## Work item:
Consider the data that follows and state how many lines contain the string "esub", using the number alone.

----- Material for the task

(* Let $G=H\times K$ with $H$ and $K$ nontrivial finite groups. Then $$\mathcal{D}(G)\ge (\mathcal{D}(H)+2)(\mathcal{D}(K)+2)-2,$$ with equality if and only if $H$ and $K$ are both nilpotent and $\gcd(|H|,|K|)=1$.
   Context: $\mathcal{D}(X)$ denotes the number of conjugacy classes of nontrivial subgroups $Y$ of the finite group $X$ with $N_X(Y)\neq Y$. *)

theory Defs
  imports "HOL-Algebra.Algebra"
begin

definition subgroup_conj_class :: "('a, 'b) monoid_scheme \<Rightarrow> 'a set \<Rightarrow> 'a set set" where
  "subgroup_conj_class G Y = {r_coset G (l_coset G g Y) (m_inv G g) | g. g \<in> carrier G}"

definition D_count :: "('a, 'b) monoid_scheme \<Rightarrow> nat" where
  "D_count G = card {subgroup_conj_class G Y | Y.
      subgroup Y G \<and> Y \<noteq> {\<one>\<^bsub>G\<^esub>} \<and> normalizer G Y \<noteq> Y}"

definition lower_central_step :: "('a, 'b) monoid_scheme \<Rightarrow> 'a set \<Rightarrow> 'a set" where
  "lower_central_step G H = generate G
     {h \<otimes>\<^bsub>G\<^esub> g \<otimes>\<^bsub>G\<^esub> inv\<^bsub>G\<^esub> h \<otimes>\<^bsub>G\<^esub> inv\<^bsub>G\<^esub> g | h g. h \<in> H \<and> g \<in> carrier G}"

definition nilpotent_group :: "('a, 'b) monoid_scheme \<Rightarrow> bool" where
  "nilpotent_group G \<longleftrightarrow> group G \<and>
     (\<exists>n. (lower_central_step G ^^ n) (carrier G) = {\<one>\<^bsub>G\<^esub>})"

end

theory Submission
  imports Defs
begin

text \<open>
  A subgroup \<open>A \<times> B\<close> of \<open>H \<times> K\<close> has normalizer \<open>N(A) \<times> N(B)\<close>, and its conjugacy class is the
  product of the classes of \<open>A\<close> and \<open>B\<close>. Call a class of subgroups of \<open>G\<close> admissible if it is
  trivial, the whole group, or not self-normalizing; there are \<open>D(G) + 2\<close> of them. Products of
  admissible classes of \<open>H\<close> and \<open>K\<close> are pairwise distinct classes of \<open>H \<times> K\<close>, and all of them except
  \<open>1 \<times> 1\<close> and \<open>H \<times> K\<close> are counted by \<open>D(H \<times> K)\<close>; this gives the bound.

  Equality holds iff every class counted by \<open>D(H \<times> K)\<close> is such a product. A proper self-normalizing
  subgroup \<open>A\<close> of \<open>H\<close> yields the extra class of \<open>A \<times> 1\<close>, and a prime dividing both orders yields
  the cyclic subgroup generated by \<open>(h, k)\<close> with \<open>h\<close>, \<open>k\<close> of that prime order, which is normalized by
  \<open>(h, 1)\<close> but is not a product. Conversely, for coprime orders every subgroup is a product, and
  in a nilpotent group no proper subgroup is self-normalizing. It remains to see that a finite
  group satisfying this normalizer condition is nilpotent: its Sylow subgroups are normal, and
  counting fixed points modulo \<open>p\<close> of the conjugation action on cosets shows that the upper
  central series grows until it exhausts the group.
\<close>

section \<open>Conjugation of subsets\<close>

context group
begin

lemma mult_inv_cancel_r [simp]: "x \<in> carrier G \<Longrightarrow> g \<in> carrier G \<Longrightarrow> x \<otimes> g \<otimes> inv g = x"
  by (simp add: m_assoc)

lemma mult_inv_cancel_r2 [simp]: "x \<in> carrier G \<Longrightarrow> g \<in> carrier G \<Longrightarrow> x \<otimes> inv g \<otimes> g = x"
  by (simp add: m_assoc)

lemma mult_inv_cancel_l [simp]: "x \<in> carrier G \<Longrightarrow> a \<in> carrier G \<Longrightarrow> x \<otimes> (inv x \<otimes> a) = a"
  by (simp add: m_assoc[symmetric])

lemma mult_inv_cancel_l2 [simp]: "x \<in> carrier G \<Longrightarrow> a \<in> carrier G \<Longrightarrow> inv x \<otimes> (x \<otimes> a) = a"
  by (simp add: m_assoc[symmetric])

lemma conj_set_eq_image:
  assumes "A \<subseteq> carrier G" "g \<in> carrier G"
  shows "(g <# A) #> inv g = (\<lambda>a. g \<otimes> a \<otimes> inv g) ` A"
  unfolding l_coset_def r_coset_def by auto

lemma mem_normalizer_iff_conj_set:
  assumes "A \<subseteq> carrier G"
  shows "g \<in> normalizer G A \<longleftrightarrow> g \<in> carrier G \<and> (g <# A) #> inv g = A"
  using assms unfolding normalizer_def stabilizer_def by auto

lemma mem_normalizer_iff:
  assumes "A \<subseteq> carrier G"
  shows "g \<in> normalizer G A \<longleftrightarrow> g \<in> carrier G \<and> (\<lambda>a. g \<otimes> a \<otimes> inv g) ` A = A"
  using assms mem_normalizer_iff_conj_set conj_set_eq_image by auto
lemma exists_disjoint_enumeration:
  fixes M :: "'a set set"
  assumes fin: "finite M" and disj: "\<And>C D. C \<in> M \<Longrightarrow> D \<in> M \<Longrightarrow> C \<noteq> D \<Longrightarrow> C \<inter> D = {}"
  shows "\<exists>(l::nat) I. I ` {1..l} = M \<and> I 0 = - \<Union>M \<and> (\<Union>j\<in>{0..l}. I j) = UNIV \<and>
    (\<forall>j\<in>{0..l}. \<forall>k\<in>{0..l}. j \<noteq> k \<longrightarrow> I j \<inter> I k = {})"
proof -
  obtain h where h: "bij_betw h {1..card M} M"
    using ex_bij_betw_nat_finite_1[OF fin] by blast
  define I where "I j = (if j = 0 then - \<Union>M else h j)" for j
  have "I ` {1..card M} = h ` {1..card M}" by (auto simp: I_def)
  then have image: "I ` {1..card M} = M" using h by (simp add: bij_betw_def)
  have I0_disj: "I 0 \<inter> I i = {}" if "i \<in> {1..card M}" for i
  proof -
    have "I i \<in> M" using image that by blast
    then show ?thesis using that by (auto simp: I_def)
  qed
  have I_disj: "I j \<inter> I k = {}" if jk: "j \<in> {0..card M}" "k \<in> {0..card M}" "j \<noteq> k" for j k
  proof (cases "j = 0 \<or> k = 0")
    case True
    then show ?thesis using jk I0_disj[of j] I0_disj[of k] by auto
  next
    case False
    then have "j \<in> {1..card M}" "k \<in> {1..card M}" using jk by auto
    moreover from this have "h j \<noteq> h k"
      using inj_onD[OF bij_betw_imp_inj_on[OF h], of j k] jk(3) by blast
    moreover have "h j \<in> M" "h k \<in> M" using bij_betwE[OF h] calculation(1,2) by blast+
    ultimately show ?thesis using False disj by (simp add: I_def)
  qed
  have I_cover: "x \<in> (\<Union>j\<in>{0..card M}. I j)" for x
  proof (cases "x \<in> \<Union>M")
    case True
    then obtain C where "C \<in> M" "x \<in> C" by blast
    moreover from this obtain j where "j \<in> {1..card M}" "C = I j" using image by blast
    ultimately show ?thesis by auto
  qed (auto simp: I_def)
  show ?thesis
  proof (intro exI conjI)
    show "I 0 = - \<Union>M" by (simp add: I_def)
    show "(\<Union>j\<in>{0..card M}. I j) = UNIV" using I_cover by blast
    show "\<forall>j\<in>{0..card M}. \<forall>k\<in>{0..card M}. j \<noteq> k \<longrightarrow> I j \<inter> I k = {}" using I_disj by blast
  qed (rule image)
qed

lemma pos_circuit_open_convex_hull:
  fixes v :: "'n::finite \<Rightarrow> rat ^ 'r"
  assumes "pos_circuit v C"
  shows "0 \<in> open_convex_hull (v ` C)"
  using assms nonneg_relation_imp_open_convex_hull unfolding pos_circuit_def by blast
(* Let $E$ be an Archimedean vector lattice with a weak unit $u$, let $X$ be a compact Hausdorff space and let $T:E\to S(X)$ be an injective lattice homomorphism such that $T(u)=\mathbf{1}_X$ and the closure, with respect to the supremum norm, of $T(E_u)$ equals $C(X)$, where $E_u$ is the ideal of $E$ generated by $u$ (such $X$ and $T$ exist by Wickstead's representation theorem, and $T$ is this representation). Then $T$ is order continuous and $uo$-continuous (i.e. $x_\alpha\xrightarrow{uo}x$ in $E$ implies $T(x_\alpha)\xrightarrow{uo}T(x)$ in $S(X)$). Moreover $T^{-1}:T(E)\to E$ is $uo$-continuous: if $T(x_\alpha)\xrightarrow{uo}T(x)$ in $S(X)$ then $x_\alpha\xrightarrow{uo}x$ in $E$.
   Context: For a topological space $X$, $S(X)$ is the Archimedean vector lattice of equivalence classes of continuous real-valued functions defined on open dense subsets of $X$ (two functions identified if they agree on the intersection of their domains), with pointwise operations; $C(X)$ is viewed inside $S(X)$ and $\mathbf{1}_X$ is the constant function $1$. A net $(x_\alpha)$ in a vector lattice $E$ converges in order to $x$ if there is a net $u_\gamma\downarrow 0$ such that for each $\gamma$ there is $\alpha_0$ with $|x_\alpha-x|\le u_\gamma$ for $\alpha\ge\alpha_0$; it is $uo$-convergent to $x$ if $|x_\alpha-x|\wedge w$ converges in order to $0$ for every $w\in E_+$. An operator is order continuous if it maps order null nets to order null nets. *)

theory Defs
  imports "HOL-Analysis.Analysis"
begin

definition vabs :: "'e::{ordered_real_vector,lattice} \<Rightarrow> 'e" where
  "vabs x = sup x (- x)"

definition archimedean_vl :: "'e::{ordered_real_vector,lattice} itself \<Rightarrow> bool" where
  "archimedean_vl _ \<longleftrightarrow> (\<forall>x y::'e. (\<forall>n::nat. real n *\<^sub>R x \<le> y) \<longrightarrow> x \<le> 0)"

definition weak_unit :: "'e::{ordered_real_vector,lattice} \<Rightarrow> bool" where
  "weak_unit u \<longleftrightarrow> 0 \<le> u \<and> (\<forall>x. inf (vabs x) u = 0 \<longrightarrow> x = 0)"

definition principal_ideal :: "'e::{ordered_real_vector,lattice} \<Rightarrow> 'e set" where
  "principal_ideal u = {x. \<exists>c::real. vabs x \<le> c *\<^sub>R u}"

text \<open>A net is a map from a directed set (I, r) into the space.\<close>
definition directed_set :: "'i set \<Rightarrow> ('i \<Rightarrow> 'i \<Rightarrow> bool) \<Rightarrow> bool" where
  "directed_set I r \<longleftrightarrow> I \<noteq> {} \<and> (\<forall>a\<in>I. r a a)
     \<and> (\<forall>a\<in>I. \<forall>b\<in>I. \<forall>c\<in>I. r a b \<longrightarrow> r b c \<longrightarrow> r a c)
     \<and> (\<forall>a\<in>I. \<forall>b\<in>I. \<exists>c\<in>I. r a c \<and> r b c)"

text \<open>The dominating net is represented by its (downward directed) set of values D with infimum 0;
  this is equivalent to the net formulation (index D by itself under reverse order).\<close>
definition ord_conv_E :: "'i set \<Rightarrow> ('i \<Rightarrow> 'i \<Rightarrow> bool) \<Rightarrow> ('i \<Rightarrow> 'e::{ordered_real_vector,lattice}) \<Rightarrow> 'e \<Rightarrow> bool" where
  "ord_conv_E I r x l \<longleftrightarrow> (\<exists>D::'e set. D \<noteq> {}
      \<and> (\<forall>d1\<in>D. \<forall>d2\<in>D. \<exists>d\<in>D. d \<le> d1 \<and> d \<le> d2)
      \<and> (\<forall>d\<in>D. 0 \<le> d) \<and> (\<forall>w. (\<forall>d\<in>D. w \<le> d) \<longrightarrow> w \<le> 0)
      \<and> (\<forall>d\<in>D. \<exists>a0\<in>I. \<forall>a\<in>I. r a0 a \<longrightarrow> vabs (x a - l) \<le> d))"

definition uo_conv_E :: "'i set \<Rightarrow> ('i \<Rightarrow> 'i \<Rightarrow> bool) \<Rightarrow> ('i \<Rightarrow> 'e::{ordered_real_vector,lattice}) \<Rightarrow> 'e \<Rightarrow> bool" where
  "uo_conv_E I r x l \<longleftrightarrow> (\<forall>w. 0 \<le> w \<longrightarrow> ord_conv_E I r (\<lambda>a. inf (vabs (x a - l)) w) 0)"

text \<open>Elements of S(X) are represented by functions X \<Rightarrow> real that are continuous on some open dense
  set; two representatives denote the same element iff they agree on some open dense set
  (equivalently, on the intersection of their domains of continuity).\<close>

definition dense_open :: "'x::topological_space set \<Rightarrow> bool" where
  "dense_open U \<longleftrightarrow> open U \<and> closure U = UNIV"

definition SX :: "('x::topological_space \<Rightarrow> real) set" where
  "SX = {f. \<exists>U. dense_open U \<and> continuous_on U f}"

definition sle :: "('x::topological_space \<Rightarrow> real) \<Rightarrow> ('x \<Rightarrow> real) \<Rightarrow> bool" where
  "sle f g \<longleftrightarrow> (\<exists>U. dense_open U \<and> (\<forall>t\<in>U. f t \<le> g t))"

----------

## Solution for this problem:
3